New Delhi, Sept 10: CPI(M) today said CAG report on production sharing contracts with Reliance Industries has “again exposed the nexus” between policy-makers and big business and demanded taking back of 95 per cent of exploration area in KG Basin.
Demanding a series of steps on the basis of the findings of Comptroller and Auditor General, it said 95 per cent of exploration area “illegally retained by RIL in gross violation of Production Sharing Contract” should be taken back.
The CAG report on the Performance Audit of Hydrocarbon Production Sharing Contracts for on-shore and off-shore oil and gas blocks has “once again exposed the nexus between the policy-makers and big businesses that has matured under the UPA government”, the CPI(M) Politburo said in a statement.

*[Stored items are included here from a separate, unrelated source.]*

(* Let $\mathcal{L}$ be a Lie algebra over $\mathbf{k}$, $k\in\mathbf{k}$ nonzero, and let $((\mathcal{U},q),i)$ be its enveloping$^{6\text{-th}}$ algebra with multiplication $m$ and unit $u:\mathbf{k}\to\mathcal{U}$. Let $\Delta$, $\varepsilon$ be the algebra homomorphisms determined by $\Delta(q)=q\otimes q$, $\Delta(x)=(x+kqx-xq)\otimes1+1\otimes(x+kqx-xq)+(1-k)qx\otimes q+(1-k)q\otimes qx$, $\varepsilon(q)=1$, $\varepsilon(x)=0$ ($x\in i(\mathcal{L})$), let $\sigma(a)=a+qa-aq$, and let $S$ be the unique invariant anti-homomorphism with $S(q)=1-q$ and $S(x)=-\frac1kx-kqx+\frac1kxq$ for $x\in i(\mathcal{L})$. Then $\mathcal{U}$ with $(m,u,\Delta,\varepsilon,\sigma)$ is a bialgebra with $\sigma$-counit, and it is a Hopf-like algebra with antipode-like $S$, i.e. $m(S\otimes\mathrm{id})\Delta=u\varepsilon S=m(\mathrm{id}\otimes S)\Delta$.
   Context: Invariant algebra $(A,q)=\{x\in A: qxq=qx\}$ for an idempotent $q$ of an associative unital algebra $A$; $\mathrm{Lie}(A,q)$ uses the bracket $[x,y]_{6,k}=xy-yx-xyq+yxq+kxqy-kyqx$. The enveloping$^{6\text{-th}}$ algebra $((\mathcal{U},q),i)$ is an invariant algebra with Lie homomorphism $i:\mathcal{L}\to\mathrm{Lie}(\mathcal{U},q)$ through which every Lie homomorphism into $\mathrm{Lie}(A,q_A)$ of an invariant algebra factors uniquely via a unital multiplicative map preserving idempotents. An invariant anti-homomorphism is a linear $S$ with $S(ab)=S(b)S(a)$, $S(1)=1$, $S(q)=1-q$. A bialgebra with $\sigma$-counit is a vector space $H$ with linear maps $m:H\otimes H\to H$, $u:\mathbf{k}\to H$, $\Delta:H\to H\otimes H$, $\varepsilon:H\to\mathbf{k}$, $\sigma:H\to H$ such that $(H,m,u)$ is an associative unital algebra, $\Delta$ is coassociative ($(\mathrm{id}\otimes\Delta)\Delta=(\Delta\otimes\mathrm{id})\Delta$), $(\varepsilon\otimes\mathrm{id})\Delta(h)=1\otimes\sigma(h)$ and $(\mathrm{id}\otimes\varepsilon)\Delta(h)=\sigma(h)\otimes1$ for all $h$, and $\Delta$ and $\varepsilon$ are unital algebra homomorphisms ($H\otimes H$ with the componentwise product). It is Hopf-like if there is a linear $S:H\to H$ (antipode-like) with $m(S\otimes\mathrm{id})\Delta=u\varepsilon S=m(\mathrm{id}\otimes S)\Delta$. *)

theory Defs
  imports Complex_Main "HOL-Library.Function_Algebras"
begin

definition lie_algebra ::
  "('k::field \<Rightarrow> 'l::ab_group_add \<Rightarrow> 'l) \<Rightarrow> ('l \<Rightarrow> 'l \<Rightarrow> 'l) \<Rightarrow> bool" where
  "lie_algebra sL br \<longleftrightarrow>
     vector_space sL \<and>
     (\<forall>x y z. br (x + y) z = br x z + br y z) \<and>
     (\<forall>x y z. br x (y + z) = br x y + br x z) \<and>
     (\<forall>c x y. br (sL c x) y = sL c (br x y)) \<and>
     (\<forall>c x y. br x (sL c y) = sL c (br x y)) \<and>
     (\<forall>x. br x x = 0) \<and>
     (\<forall>x y z. br x (br y z) + br y (br z x) + br z (br x y) = 0)"
lemma proportionality_factor_eq:
  fixes U V :: "'a::chilbert \<Rightarrow> 'b::chilbert"
  assumes U: "semiunitary U" and V: "semiunitary V" and x: "x \<noteq> 0" and y: "y \<notin> ray x"
    and a: "U x = hscale a (V x)" and b: "U y = hscale b (V y)" and c: "U (x + y) = hscale c (V (x + y))"
  shows "a = b"
proof -
  have "hscale c (V x + V y) = hscale a (V x) + hscale b (V y)"
    using a b c semiunitary_add[OF U] semiunitary_add[OF V] by simp
  then have eq: "hscale (c - a) (V x) = hscale (b - c) (V y)"
    by (simp add: hscale_add_right hscale_diff_left algebra_simps)
  have "b = c"
  proof (rule ccontr)
    assume "b \<noteq> c"
    then have "V y = hscale ((c - a) / (b - c)) (V x)"
      using arg_cong[OF eq, of "hscale (1 / (b - c))"] by (simp add: hscale_hscale)
    then show False using semiunitary_not_in_ray[OF V y] by (auto simp: mem_ray)
  qed
  then have "hscale (c - a) (V x) = 0" using eq by simp
  then show ?thesis
    using \<open>b = c\<close> x semiunitary_eq_0_iff[OF V] by (simp add: hscale_eq_zero_iff)
qed

lemma dim_gt2_nonzero:
  assumes "dim_gt2 TYPE('a)"
  obtains x :: "'a::chilbert" where "x \<noteq> 0"
  using assms unfolding dim_gt2_def by (metis add_0 hscale_one hscale_zero_left one_neq_zero)

lemma dim_gt2_not_in_ray:
  assumes "dim_gt2 TYPE('a)"
  obtains z :: "'a::chilbert" where "z \<notin> ray w"
proof (rule ccontr)
  assume "\<not> thesis"
  then have all: "z \<in> ray w" for z :: 'a using that by blast
  obtain x y z :: 'a where indep: "\<And>a b c. hscale a x + hscale b y + hscale c z = 0 \<Longrightarrow> a = 0 \<and> b = 0"
    using assms unfolding dim_gt2_def by blast
  obtain a b where ab: "x = hscale a w" "y = hscale b w" using all by (meson mem_ray)
  have "hscale b x + hscale (- a) y + hscale 0 z = 0"
    by (simp add: ab hscale_hscale hscale_minus_left mult.commute)
  then have "x = 0" using indep ab by fastforce
  then show False using indep[of 1 0 0] by simp
qed

lemma PU_eq_imp_su_equiv:
  fixes U V :: "'a::chilbert \<Rightarrow> 'b::chilbert"
  assumes dim: "dim_gt2 TYPE('a)" and U: "semiunitary U" and V: "semiunitary V"
    and eq: "\<And>r. r \<in> rays \<Longrightarrow> PU U r = PU V r"
  shows "su_equiv U V"
proof -
  have "\<exists>c. U x = hscale c (V x)" if "x \<noteq> 0" for x
    using PU_eq_imp_proportional[OF U V eq[OF ray_in_rays[OF that]] that] by metis
  then obtain d where d: "\<And>x. x \<noteq> 0 \<Longrightarrow> U x = hscale (d x) (V x)" by metis
  have d_eq: "d x = d y" if x: "x \<noteq> 0" and y: "y \<notin> ray x" for x y
  proof (rule proportionality_factor_eq[OF U V x y])
    have "y \<noteq> 0" using y mem_ray hscale_zero_left by metis
    moreover have "x + y \<noteq> 0" using y mem_ray minus_eq_hscale add_eq_0_iff by metis
    ultimately show "U x = hscale (d x) (V x)" "U y = hscale (d y) (V y)"
      "U (x + y) = hscale (d (x + y)) (V (x + y))"
      using d x by auto
  qed
  obtain x0 :: 'a where x0: "x0 \<noteq> 0" using dim_gt2_nonzero[OF dim] .
  obtain z :: 'a where z: "z \<notin> ray x0" using dim_gt2_not_in_ray[OF dim] .
  have "d x = d x0" if x: "x \<noteq> 0" for x
  proof (cases "x \<in> ray x0")
    case True
    then have "z \<notin> ray x" using z in_ray_imp_ray_eq[OF x] by simp
    then show ?thesis using d_eq[OF x] d_eq[OF x0 z] by simp
  qed (use d_eq[OF x0] in simp)
  then have U_eq: "U x = hscale (d x0) (V x)" for x
    using d semiunitary_zero[OF U] semiunitary_zero[OF V] by (cases "x = 0") auto
  have "norm x0 = cmod (d x0) * norm x0"
    using arg_cong[OF U_eq[of x0], of norm] norm_semiunitary[OF U] norm_semiunitary[OF V]
    by (simp add: norm_hscale)
  then have "cmod (d x0) = 1" using x0 by simp
  then show ?thesis unfolding su_equiv_def using U_eq by blast
qed
text \<open>When \<open>C\<close> and \<open>C'\<close> differ in several positions, \<open>Level1\<close> walks \<open>C\<close> on level 0 with the
  \<open>B\<close>-component \<open>B_detour\<close>, which no other route uses.\<close>

fun interior0 :: "route0 \<Rightarrow> vtx list" where
  "interior0 Level1 =
     (if card DC = 1 then BC_route A B B' C C
      else (A, B, C, 1) # (A, B_detour, C, 1) # CB_route A B_detour B' C C')"
| "interior0 Level2 = (A, B, C, 2) # BC_route_at2 a_Level2 B B' C C' @ [(A, B', C', 2)]"
| "interior0 (Off i x) = (A, B, C[i := x], 0) # BC_route A B B' (C[i := x]) (C'[i := x])"
| "interior0 (Flip i) =
     (if card DC = 1 then CB_route A B B' C' C'
      else (A, B, first_C i, 0) # (A, B, first_C i, 2) #
        BC_route_at2 (a_Flip i) B B' (first_C i) (last_C i) @ [(A, B', last_C i, 2), (A, B', last_C i, 0)])"

definition second_route :: "nat \<Rightarrow> route0" where
  "second_route i = (if C ! i = C' ! i then Off i (off2 i) else Flip i)"

definition routes0 :: "route0 list" where
  "routes0 = [Level1, Level2] @ map (\<lambda>i. Off i (off1 i)) [0..<r] @ map second_route [0..<r]"

lemma length_routes0: "length routes0 = 2 * r + 2"
  by (simp add: routes0_def)

lemma off_digits: "off1 i \<noteq> C ! i" "off1 i \<noteq> C' ! i" "off2 i \<noteq> C ! i" "off2 i \<noteq> off1 i"
  "off1 i \<le> 2" "off2 i \<le> 2"
  by (simp_all add: off1_def off2_def third_digit_neq third_digit_le)

lemma distinct_routes0: "distinct routes0"
  using off_digits(4)[symmetric] by (auto simp: routes0_def second_route_def distinct_map inj_on_def)

lemma Off_in_routes0:
  assumes "Off i x \<in> set routes0"
  shows "i < r" "x \<le> 2" "x \<noteq> C ! i" "x \<noteq> C' ! i"
proof -
  have "(x = off1 i \<or> x = off2 i \<and> C ! i = C' ! i) \<and> i < r"
    using assms by (auto simp: routes0_def second_route_def split: if_splits)
  then show "i < r" "x \<le> 2" "x \<noteq> C ! i" "x \<noteq> C' ! i"
    using off_digits off_digits(1-4)[symmetric] by auto
qed

lemma Flip_in_routes0:
  assumes "Flip i \<in> set routes0"
  shows "i < r" "i \<in> DC"
  using assms r_le_t by (auto simp: routes0_def second_route_def diff_positions_def split: if_splits)

lemma a_Level2: "a_Level2 \<in> ternary_strings r" "differ_one A a_Level2" "differ_one a_Level2 A" "a_Level2 \<noteq> A"
  using r_pos length_ns ns_neighbours[of "ns ! 0"] ns_neq_A[of "ns ! 0"]
  by (auto simp: a_Level2_def differ_one_sym)

lemma a_Flip:
  assumes "i < r"
  shows "a_Flip i \<in> ternary_strings r" "differ_one A (a_Flip i)" "differ_one (a_Flip i) A" "a_Flip i \<noteq> A"
    "a_Flip i \<noteq> a_Level2"
  using assms length_ns ns_neighbours[of "ns ! Suc i"] ns_neq_A[of "ns ! Suc i"] distinct_ns
  by (auto simp: a_Flip_def a_Level2_def differ_one_sym nth_eq_iff_index_eq)

lemma a_Flip_eq_iff: "i < r \<Longrightarrow> j < r \<Longrightarrow> a_Flip i = a_Flip j \<longleftrightarrow> i = j"
  using length_ns distinct_ns by (auto simp: a_Flip_def nth_eq_iff_index_eq)

lemma B_detour: "B_detour \<in> ternary_strings s" "differ_one B B_detour" "B_detour \<noteq> B" "B_detour \<noteq> B'"
proof -
  have "diff_positions B B' \<noteq> {}"
    using B_neq diff_positions_empty_iff[of B B'] by simp
  then have "B_pos \<in> diff_positions B B'"
    unfolding B_pos_def by (simp add: some_in_eq)
  then have pos: "B_pos < s" "B ! B_pos \<noteq> B' ! B_pos"
    by (simp_all add: diff_positions_def)
  show "B_detour \<in> ternary_strings s" "differ_one B B_detour"
    unfolding B_detour_def using pos
    by (simp_all add: list_update_ternary third_digit_le differ_one_list_update third_digit_neq)
  then show "B_detour \<noteq> B" by (simp add: differ_one_neq differ_one_sym)
  have "B_detour ! B_pos \<noteq> B' ! B_pos"
    unfolding B_detour_def using pos by (simp add: third_digit_neq)
  then show "B_detour \<noteq> B'" by auto
qed

lemma first_C:
  assumes "i \<in> DC"
  shows "first_C i \<in> ternary_strings t" "differ_one C (first_C i)" "first_C i \<noteq> C"
    "hamming_between C C' (first_C i)"
proof -
  have i: "i < t" "C' ! i \<noteq> C ! i"
    using assms by (auto simp: diff_positions_def)
  show "first_C i \<in> ternary_strings t" "differ_one C (first_C i)"
    unfolding first_C_def using i nth_ternary_le[OF C' i(1)]
    by (simp_all add: list_update_ternary differ_one_list_update)
  then show "first_C i \<noteq> C" by (simp add: differ_one_neq differ_one_sym)
  show "hamming_between C C' (first_C i)"
    using i by (auto simp: first_C_def hamming_between_def nth_list_update)
qed

lemma first_C_eq_iff: "i \<in> DC \<Longrightarrow> j \<in> DC \<Longrightarrow> first_C i = first_C j \<longleftrightarrow> i = j"
  unfolding first_C_def
  by (subst list_update_eq_list_update_iff) (auto simp: diff_positions_def)

lemma cyclic_succ_DC:
  assumes "i \<in> DC" "card DC \<noteq> 1"
  shows "cyclic_succ DC i \<in> DC" "cyclic_succ DC i \<noteq> i"
proof -
  have "DC \<noteq> {i}" using assms(2) by auto
  with assms(1) show "cyclic_succ DC i \<in> DC" "cyclic_succ DC i \<noteq> i"
    by (simp_all add: cyclic_succ_in cyclic_succ_neq)
qed

lemma last_C:
  assumes "i \<in> DC" "card DC \<noteq> 1"
  shows "last_C i \<in> ternary_strings t" "differ_one (last_C i) C'" "last_C i \<noteq> C'"
    "hamming_between C C' (last_C i)"
proof -
  define j where "j = cyclic_succ DC i"
  have j: "j < t" "C ! j \<noteq> C' ! j"
    using cyclic_succ_DC[OF assms] by (auto simp: j_def diff_positions_def)
  show "last_C i \<in> ternary_strings t" "differ_one (last_C i) C'"
    unfolding last_C_def j_def[symmetric] using j nth_ternary_le[OF C j(1)]
    by (simp_all add: list_update_ternary differ_one_list_update differ_one_sym)
  then show "last_C i \<noteq> C'" by (simp add: differ_one_neq)
  show "hamming_between C C' (last_C i)"
    using j by (auto simp: last_C_def j_def[symmetric] hamming_between_def nth_list_update)
qed

lemma last_C_eq_iff:
  assumes "i \<in> DC" "j \<in> DC" "card DC \<noteq> 1"
  shows "last_C i = last_C j \<longleftrightarrow> i = j"
proof -
  have "cyclic_succ DC i = cyclic_succ DC j \<longleftrightarrow> i = j"
    using inj_on_cyclic_succ[of DC] assms(1,2) by (auto dest: inj_onD)
  moreover have "cyclic_succ DC i < length C'" "cyclic_succ DC j < length C'"
    "C ! cyclic_succ DC i \<noteq> C' ! cyclic_succ DC i" "C ! cyclic_succ DC j \<noteq> C' ! cyclic_succ DC j"
    using cyclic_succ_DC(1)[OF assms(1,3)] cyclic_succ_DC(1)[OF assms(2,3)] by (auto simp: diff_positions_def)
  ultimately show ?thesis
    unfolding last_C_def by (subst list_update_eq_list_update_iff) auto
qed

lemma card_diff_positions_first_last_C:
  assumes "i \<in> DC" "card DC \<noteq> 1"
  shows "card (diff_positions (first_C i) (last_C i)) = card DC - 2"
proof -
  define j where "j = cyclic_succ DC i"
  have j: "j \<in> DC" "j \<noteq> i"
    using cyclic_succ_DC[OF assms] by (auto simp: j_def)
  have "last_C i = C'[j := C ! j]"
    by (simp add: last_C_def j_def)
  then have "diff_positions (first_C i) (last_C i) = DC - {i, j}"
    using assms(1) j by (auto simp: diff_positions_def first_C_def nth_list_update)
  with assms(1) j show ?thesis
    by (simp add: card_Diff_subset)
qed

lemma differ_one_C_C': "card DC = 1 \<Longrightarrow> differ_one C C'"
  by (simp add: differ_one_iff_card)

lemma Level1_path:
  "E3C_path r s t (A, B, C, 0) (A, B', C', 0) ((A, B, C, 0) # interior0 Level1 @ [(A, B', C', 0)])
   \<and> length (interior0 Level1) < s + t + 7"
proof (cases "card DC = 1")
  case True
  then show ?thesis
    using B_neq C_neq length_BC_route_le[of A r B s B' C t C] differ_one_C_C'
    by (intro conjI E3C_path_Cons_snoc)
      (auto simp: successively_BC_route distinct_BC_route E3C_adj_iff, auto simp: BC_route_def)
next
  case False
  then show ?thesis
    using B_neq C_neq B_detour length_CB_route_le[of A r B_detour s B' C t C']
    by (intro conjI E3C_path_Cons_snoc)
      (auto simp: successively_Cons successively_CB_route distinct_CB_route E3C_adj_iff length_ternary,
       auto simp: CB_route_def)
qed

lemma Level2_path:
  "E3C_path r s t (A, B, C, 0) (A, B', C', 0) ((A, B, C, 0) # interior0 Level2 @ [(A, B', C', 0)])
   \<and> length (interior0 Level2) < s + t + 7"
  using B_neq a_Level2 length_BC_route_le[of a_Level2 r B s B' C t C']
  by (intro conjI E3C_path_Cons_snoc)
    (auto simp: successively_Cons_snoc_iff successively_BC_route_at2 distinct_BC_route_at2 E3C_adj_iff
       length_BC_route_at2, auto simp: BC_route_at2_def BC_route_def)
(* For every even integer $n\ge4$, $\mu_n$-almost every choice function $\eta\in\mathscr{C}_n$ is random.
   Context: Let $\mathcal{A}_n=\{1,\dots,5n-6\}$, $\mathcal{A}_n^m$ the words of length $m$ over $\mathcal{A}_n$ ($\mathcal{A}_n^0=\{\varepsilon\}$), $\mathcal{A}_n^*=\bigcup_{m\ge0}\mathcal{A}_n^m$, $\mathcal{A}_n^{\mathbb{N}}$ the infinite words; for a word $w=i_1i_2\cdots$, $w(j)=i_1\cdots i_j$. For $u\in\mathcal{A}_n^j$ and $m\ge j$, $\mathcal{A}^m_{n,u}=\{v\in\mathcal{A}_n^m:v(j)=u\}$. $\nu_n$ is the probability measure on $\mathcal{A}_n^{\mathbb{N}}$ with $\nu_n(\{\tau:\tau(|u|)=u\})=(5n-6)^{-|u|}$ for all $u\in\mathcal{A}_n^*$. $\mathscr{C}_n$ is the set of choice functions $\eta:\mathcal{A}_n^*\to\{1,2\}$, i.e. $\{1,2\}^{\mathcal{A}_n^*}$, and $\mu_n$ is the product probability measure on it under which the values $\eta(u)$, $u\in\mathcal{A}_n^*$, are independent and each equals $1$ or $2$ with probability $1/2$. A choice function $\eta$ is random if for $\nu_n$-a.e. $w=i_1i_2\cdots\in\mathcal{A}_n^{\mathbb{N}}$ the following holds: for every $N\in\mathbb{N}$ and every integer $k\ge0$ there is an integer $\ell\ge N$ such that (R1) $\eta\equiv1$ on $\bigcup_{j=0}^{k-1}\mathcal{A}^{\ell+j}_{n,w(\ell)}$ and $\eta\equiv2$ on $\bigcup_{j=0}^{2N+k-1}\mathcal{A}^{\ell-N+j}_{n,w(\ell-N)}\setminus\bigcup_{j=0}^{k-1}\mathcal{A}^{\ell+j}_{n,w(\ell)}$ (the first union being empty when $k=0$), and (R2) $i_{\ell-N+1}>4n-4$. *)

theory Defs
  imports "HOL-Probability.Probability"
begin

text \<open>Alphabet A_n = {1,...,5n-6}; finite words are lists over it, infinite words are
  sequences nat => nat (w 0 is the first letter i_1).\<close>

definition alph :: "nat \<Rightarrow> nat set" where
  "alph n = {1..5*n-6}"

definition pref :: "(nat \<Rightarrow> nat) \<Rightarrow> nat \<Rightarrow> nat list" where
  "pref w j = map w [0..<j]"

definition cyl :: "nat \<Rightarrow> nat \<Rightarrow> nat list \<Rightarrow> nat list set" where
  "cyl n m u = {v. set v \<subseteq> alph n \<and> length v = m \<and> take (length u) v = u}"

definition nu :: "nat \<Rightarrow> (nat \<Rightarrow> nat) measure" where
  "nu n = PiM UNIV (\<lambda>_. uniform_count_measure (alph n))"

definition mu :: "nat \<Rightarrow> (nat list \<Rightarrow> nat) measure" where
  "mu n = PiM (lists (alph n)) (\<lambda>_. uniform_count_measure {1,2})"

definition random_choice :: "nat \<Rightarrow> (nat list \<Rightarrow> nat) \<Rightarrow> bool" where
  "random_choice n \<eta> \<longleftrightarrow>
     (AE w in nu n. \<forall>N\<ge>1. \<forall>k::nat. \<exists>l\<ge>N.
        (\<forall>j<k. \<forall>v\<in>cyl n (l+j) (pref w l). \<eta> v = 1) \<and>
        (\<forall>v \<in> (\<Union>j<2*N+k. cyl n (l-N+j) (pref w (l-N))) - (\<Union>j<k. cyl n (l+j) (pref w l)).
            \<eta> v = 2) \<and>
        w (l-N) > 4*n-4)"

It sought imposition of penalties on RIL “for gold-plating contracts and cornering almost the entire share of the profit petroleum”, immediate prosecution of former Director General of Hydrocarbons (DGH) and other officials and a probe into the Petroleum Ministry's role.
The party demanded changes in the contracts to prevent misuse and a review of the new exploration licensing policy, saying the entire purpose of the policy “gets defeated if private parties are allowed to retain exploration area”.
CPI(M) said CAG had noted the “connivance” of DGH and the Ministry with RIL in allowing the latter to “hoard the entire exploration area as discovery area”.
As per the contract, RIL was “supposed to vacate 25 per cent of the exploration area in the first phase, 50 in the second phase and all areas in which it had not sunk wells or developed oil wells in the third phase”.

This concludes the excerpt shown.